Data records:
####################
(* Let $f$ be a homeomorphism of a compact, connected, separable metric space $\mathcal M$, and assume that $\mathcal M$ itself is not a chain-transitive set for $f$. Let $C$ be a reversible core of $f$. Then there exist an infinite sequence of pairwise distinct dissipative attractors $A_1,A_2,\dots$ of $f$ and an infinite sequence of pairwise distinct dissipative repellers $R_1,R_2,\dots$ of $f$ which accumulate on $C$: there are $\delta_k\to 0$ such that $A_k$ and $R_k$ lie in the $\delta_k$-neighbourhood of $C$ for every $k$ (so all limit points of these sequences lie in $C$).
   Context: An $\varepsilon$-orbit of $f$ is a finite sequence $x_1,\dots,x_N$ with $\mathrm{dist}(f(x_j),x_{j+1})<\varepsilon$ for $j=1,\dots,N-1$; it connects $x_1$ to $x_N$. A closed invariant set $\Lambda$ is chain-transitive if for every $\varepsilon>0$ and all $x,y\in\Lambda$ there is an $\varepsilon$-orbit lying in $\Lambda$ connecting $x$ to $y$. A closed invariant set $A$ is stable if for every $\delta>0$ there is $\varepsilon>0$ such that no $\varepsilon$-orbit starting in $A$ leaves the $\delta$-neighbourhood of $A$. A CRH-attractor (Conley–Ruelle–Hurley attractor) of $f$ is a closed invariant set that is chain-transitive and stable; a CRH-repeller of $f$ is a CRH-attractor of $f^{-1}$. A CRH-attractor $A$ is a dissipative attractor if there exists a point $x\notin A$ such that for every $\varepsilon>0$ some $\varepsilon$-orbit connects $x$ to a point of $A$; otherwise $A$ is called a reversible core. A dissipative repeller is a dissipative attractor of $f^{-1}$. *)

theory Defs
  imports "HOL-Analysis.Analysis"
begin

definition eps_orbit :: "('a::metric_space \<Rightarrow> 'a) \<Rightarrow> real \<Rightarrow> 'a list \<Rightarrow> bool" where
  "eps_orbit h \<epsilon> xs \<longleftrightarrow> xs \<noteq> [] \<and>
     (\<forall>j. Suc j < length xs \<longrightarrow> dist (h (xs ! j)) (xs ! Suc j) < \<epsilon>)"

definition nbhd :: "'a::metric_space set \<Rightarrow> real \<Rightarrow> 'a set" where
  "nbhd A \<delta> = {y. \<exists>a\<in>A. dist y a < \<delta>}"

definition invariant_set :: "'a set \<Rightarrow> ('a \<Rightarrow> 'a) \<Rightarrow> 'a set \<Rightarrow> bool" where
  "invariant_set M h S \<longleftrightarrow> S \<subseteq> M \<and> h ` S = S"

definition chain_transitive :: "'a::metric_space set \<Rightarrow> ('a \<Rightarrow> 'a) \<Rightarrow> 'a set \<Rightarrow> bool" where
  "chain_transitive M h L \<longleftrightarrow> closed L \<and> invariant_set M h L \<and>
     (\<forall>\<epsilon>>0. \<forall>x\<in>L. \<forall>y\<in>L. \<exists>xs. eps_orbit h \<epsilon> xs \<and> set xs \<subseteq> L \<and> hd xs = x \<and> last xs = y)"

definition stable_set :: "'a::metric_space set \<Rightarrow> ('a \<Rightarrow> 'a) \<Rightarrow> 'a set \<Rightarrow> bool" where
  "stable_set M h A \<longleftrightarrow> closed A \<and> invariant_set M h A \<and>
     (\<forall>\<delta>>0. \<exists>\<epsilon>>0. \<forall>xs. eps_orbit h \<epsilon> xs \<and> set xs \<subseteq> M \<and> hd xs \<in> A \<longrightarrow> set xs \<subseteq> nbhd A \<delta>)"

text \<open>CRH-attractors are taken nonempty (standard convention).\<close>
definition crh_attractor :: "'a::metric_space set \<Rightarrow> ('a \<Rightarrow> 'a) \<Rightarrow> 'a set \<Rightarrow> bool" where
  "crh_attractor M h A \<longleftrightarrow> A \<noteq> {} \<and> chain_transitive M h A \<and> stable_set M h A"

definition dissipative_attractor :: "'a::metric_space set \<Rightarrow> ('a \<Rightarrow> 'a) \<Rightarrow> 'a set \<Rightarrow> bool" where
  "dissipative_attractor M h A \<longleftrightarrow> crh_attractor M h A \<and>
     (\<exists>x\<in>M - A. \<forall>\<epsilon>>0. \<exists>xs. eps_orbit h \<epsilon> xs \<and> set xs \<subseteq> M \<and> hd xs = x \<and> last xs \<in> A)"

definition reversible_core :: "'a::metric_space set \<Rightarrow> ('a \<Rightarrow> 'a) \<Rightarrow> 'a set \<Rightarrow> bool" where
  "reversible_core M h A \<longleftrightarrow> crh_attractor M h A \<and> \<not> dissipative_attractor M h A"

text \<open>Repellers of h are attractors of the inverse map; these are stated with the
  inverse g of the homeomorphism directly.\<close>

end

theory Submission
  imports Defs
begin

text \<open>
  For a point p let \<open>\<Omega>(p)\<close> be the set of points reached from p, for every \<open>\<epsilon> > 0\<close>, by
  \<open>\<epsilon>\<close>-chains of at least one step. It is closed, forward invariant and stable, and by
  compactness and Zorn's lemma it contains a minimal set with these three properties; such a
  minimal set is a CRH-attractor. Since M is connected and \<open>C \<noteq> M\<close>, arbitrarily close to C
  there are points \<open>p \<notin> C\<close> that are not chain recurrent: otherwise the \<open>\<epsilon>\<close>-chain class of a
  point of C would be a nonempty proper clopen subset of M. Stability of C keeps \<open>\<Omega>(p)\<close> close
  to C, and an attractor inside \<open>\<Omega>(p)\<close> is dissipative (p reaches it but does not lie in it)
  and disjoint from C (no point outside the reversible core C chain-reaches C). Reversing
  chains shows that C is a reversible core of the inverse map as well, which yields the
  repellers. The attractors become pairwise distinct by choosing each one strictly closer to C
  than the previous one.
\<close>

section \<open>Epsilon-chains\<close>

inductive eps_chain :: "'a::metric_space set \<Rightarrow> ('a \<Rightarrow> 'a) \<Rightarrow> real \<Rightarrow> 'a \<Rightarrow> 'a \<Rightarrow> bool"
  for S h e where
  base: "x \<in> S \<Longrightarrow> eps_chain S h e x x"
| step: "eps_chain S h e x y \<Longrightarrow> z \<in> S \<Longrightarrow> dist (h y) z < e \<Longrightarrow> eps_chain S h e x z"

definition eps_chain_plus :: "'a::metric_space set \<Rightarrow> ('a \<Rightarrow> 'a) \<Rightarrow> real \<Rightarrow> 'a \<Rightarrow> 'a \<Rightarrow> bool" where
  "eps_chain_plus S h e x y \<longleftrightarrow> y \<in> S \<and> (\<exists>z. eps_chain S h e x z \<and> dist (h z) y < e)"

definition chain_limit_set :: "'a::metric_space set \<Rightarrow> ('a \<Rightarrow> 'a) \<Rightarrow> 'a \<Rightarrow> 'a set" where
  "chain_limit_set S h x = {y. \<forall>e>0. eps_chain_plus S h e x y}"

definition chain_recurrent :: "'a::metric_space set \<Rightarrow> ('a \<Rightarrow> 'a) \<Rightarrow> 'a \<Rightarrow> bool" where
  "chain_recurrent S h x \<longleftrightarrow> x \<in> chain_limit_set S h x"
####################
Task instructions:
Exactly reproduce the entries in their entirety.

Your solution:
(* Let $f$ be a homeomorphism of a compact, connected, separable metric space $\mathcal M$, and assume that $\mathcal M$ itself is not a chain-transitive set for $f$. Let $C$ be a reversible core of $f$. Then there exist an infinite sequence of pairwise distinct dissipative attractors $A_1,A_2,\dots$ of $f$ and an infinite sequence of pairwise distinct dissipative repellers $R_1,R_2,\dots$ of $f$ which accumulate on $C$: there are $\delta_k\to 0$ such that $A_k$ and $R_k$ lie in the $\delta_k$-neighbourhood of $C$ for every $k$ (so all limit points of these sequences lie in $C$).
   Context: An $\varepsilon$-orbit of $f$ is a finite sequence $x_1,\dots,x_N$ with $\mathrm{dist}(f(x_j),x_{j+1})<\varepsilon$ for $j=1,\dots,N-1$; it connects $x_1$ to $x_N$. A closed invariant set $\Lambda$ is chain-transitive if for every $\varepsilon>0$ and all $x,y\in\Lambda$ there is an $\varepsilon$-orbit lying in $\Lambda$ connecting $x$ to $y$. A closed invariant set $A$ is stable if for every $\delta>0$ there is $\varepsilon>0$ such that no $\varepsilon$-orbit starting in $A$ leaves the $\delta$-neighbourhood of $A$. A CRH-attractor (Conley–Ruelle–Hurley attractor) of $f$ is a closed invariant set that is chain-transitive and stable; a CRH-repeller of $f$ is a CRH-attractor of $f^{-1}$. A CRH-attractor $A$ is a dissipative attractor if there exists a point $x\notin A$ such that for every $\varepsilon>0$ some $\varepsilon$-orbit connects $x$ to a point of $A$; otherwise $A$ is called a reversible core. A dissipative repeller is a dissipative attractor of $f^{-1}$. *)

theory Defs
  imports "HOL-Analysis.Analysis"
begin

definition eps_orbit :: "('a::metric_space \<Rightarrow> 'a) \<Rightarrow> real \<Rightarrow> 'a list \<Rightarrow> bool" where
  "eps_orbit h \<epsilon> xs \<longleftrightarrow> xs \<noteq> [] \<and>
     (\<forall>j. Suc j < length xs \<longrightarrow> dist (h (xs ! j)) (xs ! Suc j) < \<epsilon>)"

definition nbhd :: "'a::metric_space set \<Rightarrow> real \<Rightarrow> 'a set" where
  "nbhd A \<delta> = {y. \<exists>a\<in>A. dist y a < \<delta>}"

definition invariant_set :: "'a set \<Rightarrow> ('a \<Rightarrow> 'a) \<Rightarrow> 'a set \<Rightarrow> bool" where
  "invariant_set M h S \<longleftrightarrow> S \<subseteq> M \<and> h ` S = S"

definition chain_transitive :: "'a::metric_space set \<Rightarrow> ('a \<Rightarrow> 'a) \<Rightarrow> 'a set \<Rightarrow> bool" where
  "chain_transitive M h L \<longleftrightarrow> closed L \<and> invariant_set M h L \<and>
     (\<forall>\<epsilon>>0. \<forall>x\<in>L. \<forall>y\<in>L. \<exists>xs. eps_orbit h \<epsilon> xs \<and> set xs \<subseteq> L \<and> hd xs = x \<and> last xs = y)"

definition stable_set :: "'a::metric_space set \<Rightarrow> ('a \<Rightarrow> 'a) \<Rightarrow> 'a set \<Rightarrow> bool" where
  "stable_set M h A \<longleftrightarrow> closed A \<and> invariant_set M h A \<and>
     (\<forall>\<delta>>0. \<exists>\<epsilon>>0. \<forall>xs. eps_orbit h \<epsilon> xs \<and> set xs \<subseteq> M \<and> hd xs \<in> A \<longrightarrow> set xs \<subseteq> nbhd A \<delta>)"

text \<open>CRH-attractors are taken nonempty (standard convention).\<close>
definition crh_attractor :: "'a::metric_space set \<Rightarrow> ('a \<Rightarrow> 'a) \<Rightarrow> 'a set \<Rightarrow> bool" where
  "crh_attractor M h A \<longleftrightarrow> A \<noteq> {} \<and> chain_transitive M h A \<and> stable_set M h A"

definition dissipative_attractor :: "'a::metric_space set \<Rightarrow> ('a \<Rightarrow> 'a) \<Rightarrow> 'a set \<Rightarrow> bool" where
  "dissipative_attractor M h A \<longleftrightarrow> crh_attractor M h A \<and>
     (\<exists>x\<in>M - A. \<forall>\<epsilon>>0. \<exists>xs. eps_orbit h \<epsilon> xs \<and> set xs \<subseteq> M \<and> hd xs = x \<and> last xs \<in> A)"

definition reversible_core :: "'a::metric_space set \<Rightarrow> ('a \<Rightarrow> 'a) \<Rightarrow> 'a set \<Rightarrow> bool" where
  "reversible_core M h A \<longleftrightarrow> crh_attractor M h A \<and> \<not> dissipative_attractor M h A"

text \<open>Repellers of h are attractors of the inverse map; these are stated with the
  inverse g of the homeomorphism directly.\<close>

end

theory Submission
  imports Defs
begin

text \<open>
  For a point p let \<open>\<Omega>(p)\<close> be the set of points reached from p, for every \<open>\<epsilon> > 0\<close>, by
  \<open>\<epsilon>\<close>-chains of at least one step. It is closed, forward invariant and stable, and by
  compactness and Zorn's lemma it contains a minimal set with these three properties; such a
  minimal set is a CRH-attractor. Since M is connected and \<open>C \<noteq> M\<close>, arbitrarily close to C
  there are points \<open>p \<notin> C\<close> that are not chain recurrent: otherwise the \<open>\<epsilon>\<close>-chain class of a
  point of C would be a nonempty proper clopen subset of M. Stability of C keeps \<open>\<Omega>(p)\<close> close
  to C, and an attractor inside \<open>\<Omega>(p)\<close> is dissipative (p reaches it but does not lie in it)
  and disjoint from C (no point outside the reversible core C chain-reaches C). Reversing
  chains shows that C is a reversible core of the inverse map as well, which yields the
  repellers. The attractors become pairwise distinct by choosing each one strictly closer to C
  than the previous one.
\<close>

section \<open>Epsilon-chains\<close>

inductive eps_chain :: "'a::metric_space set \<Rightarrow> ('a \<Rightarrow> 'a) \<Rightarrow> real \<Rightarrow> 'a \<Rightarrow> 'a \<Rightarrow> bool"
  for S h e where
  base: "x \<in> S \<Longrightarrow> eps_chain S h e x x"
| step: "eps_chain S h e x y \<Longrightarrow> z \<in> S \<Longrightarrow> dist (h y) z < e \<Longrightarrow> eps_chain S h e x z"

definition eps_chain_plus :: "'a::metric_space set \<Rightarrow> ('a \<Rightarrow> 'a) \<Rightarrow> real \<Rightarrow> 'a \<Rightarrow> 'a \<Rightarrow> bool" where
  "eps_chain_plus S h e x y \<longleftrightarrow> y \<in> S \<and> (\<exists>z. eps_chain S h e x z \<and> dist (h z) y < e)"

definition chain_limit_set :: "'a::metric_space set \<Rightarrow> ('a \<Rightarrow> 'a) \<Rightarrow> 'a \<Rightarrow> 'a set" where
  "chain_limit_set S h x = {y. \<forall>e>0. eps_chain_plus S h e x y}"

definition chain_recurrent :: "'a::metric_space set \<Rightarrow> ('a \<Rightarrow> 'a) \<Rightarrow> 'a \<Rightarrow> bool" where
  "chain_recurrent S h x \<longleftrightarrow> x \<in> chain_limit_set S h x"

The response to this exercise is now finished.